All the while, outside of Amy’s machine-room safehouse, we’re only shown one garden, a check-in area, a gallery and one stretch of corridor. We can assume she ranged a bit further afield in her thirty-six years, but the overall effect is to portray an extremely limited quarantine area and a consequently less convincing impression of the time that has supposedly passed.

And to top it all, the Doctor singularly fails to spell out to Rory that the rewriting (here we go again) of Amy’s timeline will actually spare her ever having suffered this ordeal. And nobody even mention that Rory waited two thousand years for Amy not all that long ago.

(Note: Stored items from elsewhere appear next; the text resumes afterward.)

(* Let $R$ be a commutative unital ring, $\mathfrak{b}\subsetneq R$ a radical ideal, and $(I_k)_{k=1}^\infty$ countably many ideals of $R$. Suppose that for every $r\in R\setminus\mathfrak{b}$ and every $k\in\mathbb{N}$ there exists $x\in R$ such that $rx\notin\mathfrak{b}$ and $(1-a)x\in\mathfrak{b}$ for some $a\in I_k$. Then there exists a maximal ideal $\mathfrak{m}\subsetneq R$ such that $I_k\not\subseteq\mathfrak{m}$ for all $k\in\mathbb{N}$. *)

theory Defs
  imports "HOL-Algebra.Algebra"
begin

definition radical_ideal :: "'a set \<Rightarrow> ('a, 'b) ring_scheme \<Rightarrow> bool" where
  "radical_ideal b R \<longleftrightarrow> ideal b R \<and>
     (\<forall>x \<in> carrier R. \<forall>n::nat. n \<ge> 1 \<longrightarrow> x [^]\<^bsub>R\<^esub> n \<in> b \<longrightarrow> x \<in> b)"

end

theory Submission
  imports Defs
begin

text \<open>
  From the hypothesis one builds, by dependent choice, elements \<open>s\<^sub>0\<close> and
  \<open>s\<^sub>k\<^sub>+\<^sub>1 = s\<^sub>k x\<^sub>k\<close> outside \<open>b\<close> together with \<open>a\<^sub>k \<in> I\<^sub>k\<close> such that
  \<open>(\<one> - a\<^sub>k) s\<^sub>k\<^sub>+\<^sub>1 \<in> b\<close>. Because each \<open>s\<^sub>n\<close> divides the next, the union
  \<open>J = {x. \<exists>n. x s\<^sub>n \<in> b}\<close> of the colon ideals \<open>b : s\<^sub>n\<close> is an ideal; it misses
  \<open>\<one>\<close> since no \<open>s\<^sub>n\<close> lies in \<open>b\<close>, and contains every \<open>\<one> - a\<^sub>k\<close>. A maximal ideal
  \<open>m \<supseteq> J\<close> then contains \<open>\<one> - a\<^sub>k\<close>, hence not \<open>a\<^sub>k\<close>, so \<open>I\<^sub>k \<not>\<subseteq> m\<close>.
\<close>

lemma (in ring) ideal_extends_to_maximalideal:
  assumes "ideal J R" and "\<one> \<notin> J"
  shows "\<exists>M. maximalideal M R \<and> J \<subseteq> M"
proof -
  define \<A> where "\<A> = {K. ideal K R \<and> J \<subseteq> K \<and> \<one> \<notin> K}"
  have "\<exists>M\<in>\<A>. \<forall>K\<in>\<A>. M \<subseteq> K \<longrightarrow> K = M"
  proof (rule subset_Zorn_nonempty)
    show "\<A> \<noteq> {}"
      using assms by (auto simp: \<A>_def)
    fix \<C> assume "\<C> \<noteq> {}" and chain: "subset.chain \<A> \<C>"
    then have "subset.chain {K. ideal K R} \<C>"
      by (auto simp: \<A>_def pred_on.chain_def)
    then have "ideal (\<Union>\<C>) R"
      using chain_Union_is_ideal[of \<C>] \<open>\<C> \<noteq> {}\<close> by simp
    with \<open>\<C> \<noteq> {}\<close> chain show "\<Union>\<C> \<in> \<A>"
      by (auto simp: \<A>_def pred_on.chain_def)
  qed
  then obtain M where M: "M \<in> \<A>" and M_max: "\<And>K. K \<in> \<A> \<Longrightarrow> M \<subseteq> K \<Longrightarrow> K = M"
    by blast
  have "maximalideal M R"
  proof (rule maximalidealI)
    show "ideal M R" and "carrier R \<noteq> M"
      using M by (auto simp: \<A>_def)
    fix K assume K: "ideal K R" "M \<subseteq> K" "K \<subseteq> carrier R"
    show "K = M \<or> K = carrier R"
      using K M_max[of K] M ideal.one_imp_carrier[OF K(1)] by (auto simp: \<A>_def)
  qed
  with M show ?thesis
    by (auto simp: \<A>_def)
qed

lemma (in monoid) divides_chain_mono:
  assumes "\<And>n. s n \<in> carrier G" and "\<And>n. s n divides s (Suc n)" and "n \<le> m"
  shows "s n divides s m"
  using assms(3)
proof (induction m rule: dec_induct)
  case base
  show ?case
    using assms(1) by (rule divides_refl)
next
  case (step m)
  then show ?case
    using assms(1,2) divides_trans by blast
qed

lemma (in cring) ideal_Union_colon_divides_chain:
  assumes b: "ideal b R"
    and s: "\<And>n. s n \<in> carrier R" and chain: "\<And>n. s n divides s (Suc n)"
  shows "ideal {x \<in> carrier R. \<exists>n. x \<otimes> s n \<in> b} R" (is "ideal ?J R")
proof -
  interpret b: ideal b R by fact
  have mono: "x \<otimes> s m \<in> b" if "x \<in> carrier R" "x \<otimes> s n \<in> b" "n \<le> m" for x n m
  proof -
    obtain c where c: "c \<in> carrier R" "s m = s n \<otimes> c"
      using divides_chain_mono[of s, OF s chain \<open>n \<le> m\<close>] by (auto simp: factor_def)
    then have "x \<otimes> s m = (x \<otimes> s n) \<otimes> c"
      using that(1) s by (simp add: m_assoc)
    then show ?thesis
      using b.I_r_closed[OF that(2) c(1)] by simp
  qed
  have add: "x \<oplus> y \<in> ?J" if "x \<in> ?J" "y \<in> ?J" for x y
  proof -
    from that obtain n m where "x \<in> carrier R" "y \<in> carrier R" "x \<otimes> s n \<in> b" "y \<otimes> s m \<in> b"
      by blast
    then have "x \<otimes> s (max n m) \<oplus> y \<otimes> s (max n m) \<in> b"
      using mono by (simp add: b.a_closed)
    then have "(x \<oplus> y) \<otimes> s (max n m) \<in> b"
      using \<open>x \<in> carrier R\<close> \<open>y \<in> carrier R\<close> s by (simp add: l_distr)
    with \<open>x \<in> carrier R\<close> \<open>y \<in> carrier R\<close> show ?thesis
      by blast
  qed
  have neg: "\<ominus> x \<in> ?J" if "x \<in> ?J" for x
  proof -
    from that obtain n where "x \<in> carrier R" "x \<otimes> s n \<in> b"
      by blast
    then have "(\<ominus> x) \<otimes> s n \<in> b"
      using s b.a_inv_closed by (simp add: l_minus)
    with \<open>x \<in> carrier R\<close> show ?thesis
      by blast
  qed
  have mult: "x \<otimes> y \<in> ?J" if "x \<in> ?J" "y \<in> carrier R" for x y
  proof -
    from that obtain n where "x \<in> carrier R" "x \<otimes> s n \<in> b"
      by blast
    then have "(x \<otimes> y) \<otimes> s n \<in> b"
      using b.I_l_closed[of "x \<otimes> s n" y] that(2) s by (simp add: m_lcomm m_comm)
    with \<open>x \<in> carrier R\<close> that(2) show ?thesis
      by blast
  qed
  have zero: "\<zero> \<in> ?J"
    using s by auto
  show ?thesis
  proof (rule idealI)
    show "subgroup ?J (add_monoid R)"
      using add neg zero by (intro add.subgroupI) (auto simp: a_inv_def[symmetric])
  qed (use mult m_comm ring_axioms in auto)
qed

lemma (in cring) maximalideal_not_containing_ideals:
  assumes b: "ideal b R"
    and s: "\<And>n. s n \<in> carrier R - b" and chain: "\<And>n. s n divides s (Suc n)"
    and I: "\<And>k. I k \<subseteq> carrier R"
    and unit_mod_I: "\<And>k. \<exists>a \<in> I k. \<exists>n. (\<one> \<ominus> a) \<otimes> s n \<in> b"
  shows "\<exists>m. maximalideal m R \<and> (\<forall>k. \<not> I k \<subseteq> m)"
proof -
  let ?J = "{x \<in> carrier R. \<exists>n. x \<otimes> s n \<in> b}"
  have "ideal ?J R"
    using ideal_Union_colon_divides_chain[OF b] s chain by blast
  moreover have "\<one> \<notin> ?J"
    using s by auto
  ultimately obtain m where m: "maximalideal m R" "?J \<subseteq> m"
    using ideal_extends_to_maximalideal by blast
  interpret m: maximalideal m R by (fact m(1))
  have "\<not> I k \<subseteq> m" for k
  proof
    assume "I k \<subseteq> m"
    obtain a n where a: "a \<in> I k" "(\<one> \<ominus> a) \<otimes> s n \<in> b"
      using unit_mod_I by blast
    with I have "a \<in> carrier R"
      by blast
    with a m(2) have "\<one> \<ominus> a \<in> m"
      by auto
    with \<open>I k \<subseteq> m\<close> a(1) have "(\<one> \<ominus> a) \<oplus> a \<in> m"
      using m.a_closed by blast
    with \<open>a \<in> carrier R\<close> have "\<one> \<in> m"
      by (simp add: a_minus_def a_assoc l_neg)
    then show False
      using m.one_imp_carrier m.I_notcarr by simp
  qed
  with m(1) show ?thesis
    by blast
qed

lemma (in cring) divides_chain_outside_ideal:
  assumes b: "ideal b R" "\<one> \<notin> b"
    and I: "\<And>k. I k \<subseteq> carrier R"
    and step: "\<And>r k. r \<in> carrier R - b \<Longrightarrow>
      \<exists>x \<in> carrier R. r \<otimes> x \<notin> b \<and> (\<exists>a \<in> I k. (\<one> \<ominus> a) \<otimes> x \<in> b)"
  shows "\<exists>s. \<forall>k. s k \<in> carrier R - b \<and> s k divides s (Suc k) \<and>
    (\<exists>a \<in> I k. (\<one> \<ominus> a) \<otimes> s (Suc k) \<in> b)"
proof (rule dependent_nat_choice)
  show "\<exists>r. r \<in> carrier R - b"
    using b(2) by blast
  fix r k assume r: "r \<in> carrier R - b"
  then obtain x a where x: "x \<in> carrier R" "r \<otimes> x \<notin> b" and a: "a \<in> I k" "(\<one> \<ominus> a) \<otimes> x \<in> b"
    using step by blast
  have "\<one> \<ominus> a \<in> carrier R"
    using a(1) I by (auto intro: minus_closed)
  then have "(\<one> \<ominus> a) \<otimes> (r \<otimes> x) = r \<otimes> ((\<one> \<ominus> a) \<otimes> x)"
    using r x(1) by (simp add: m_lcomm)
  also have "\<dots> \<in> b"
    using a(2) r ideal.I_l_closed[OF b(1)] by blast
  finally show "\<exists>y. y \<in> carrier R - b \<and> r divides y \<and> (\<exists>a \<in> I k. (\<one> \<ominus> a) \<otimes> y \<in> b)"
    using r x a(1) by (intro exI[of _ "r \<otimes> x"]) (auto simp: factor_def)
qed

theorem mainTheorem19:
  fixes R :: "('a, 'b) ring_scheme" (structure)
    and b :: "'a set"
    and I :: "nat \<Rightarrow> 'a set"
  assumes "cring R"
    and "radical_ideal b R"
    and "b \<noteq> carrier R"
    and "\<And>k. ideal (I k) R"
    and "\<And>r k. r \<in> carrier R - b \<Longrightarrow>
           \<exists>x \<in> carrier R. r \<otimes> x \<notin> b \<and> (\<exists>a \<in> I k. (\<one> \<ominus> a) \<otimes> x \<in> b)"
  shows "\<exists>m. maximalideal m R \<and> (\<forall>k. \<not> I k \<subseteq> m)"
proof -
  interpret cring R by fact
  have b: "ideal b R"
    using assms(2) by (simp add: radical_ideal_def)
  then have "\<one> \<notin> b"
    using ideal.one_imp_carrier assms(3) by auto
  have I: "I k \<subseteq> carrier R" for k
    using ideal.Icarr[OF assms(4)] by blast
  from divides_chain_outside_ideal[OF b \<open>\<one> \<notin> b\<close> I assms(5)]
  obtain s where s: "\<forall>k. s k \<in> carrier R - b \<and> s k divides s (Suc k) \<and>
      (\<exists>a \<in> I k. (\<one> \<ominus> a) \<otimes> s (Suc k) \<in> b)" ..
  show ?thesis
  proof (rule maximalideal_not_containing_ideals[OF b _ _ I])
    show "s n \<in> carrier R - b" and "s n divides s (Suc n)" for n
      using s by blast+
    show "\<exists>a \<in> I k. \<exists>n. (\<one> \<ominus> a) \<otimes> s n \<in> b" for k
      using s by blast
  qed
qed

end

And he still has memories of that.

In retrospect, I wonder if the tale would have worked better had the facility been a form of prison. The stretched time stream being some form of extending a sentence indefinitely, the different areas being different ordeals – a choice of hells, as it were, as opposed to gardens and theme parks etc, the robots being guards. And the Doctor and Rory are left in the time stream designed for visiting hours, as you’d have in a prison or public viewing – perhaps the victims’ families, who might wish to view the criminal’s suffering as some form of closure.

All decidedly nastier, but for my money simpler and more believable.

Obviously it’s just one idea I’ve come up with off the top of my head and it would need work, especially at the beginning when it came to how to separate Amy from the Doctor and Rory. But in that respect it’s no different to the episode we got.

All in all, another story that looked much better in the trailer. And ultimately one fine example of why actors are often more celebrated than writers.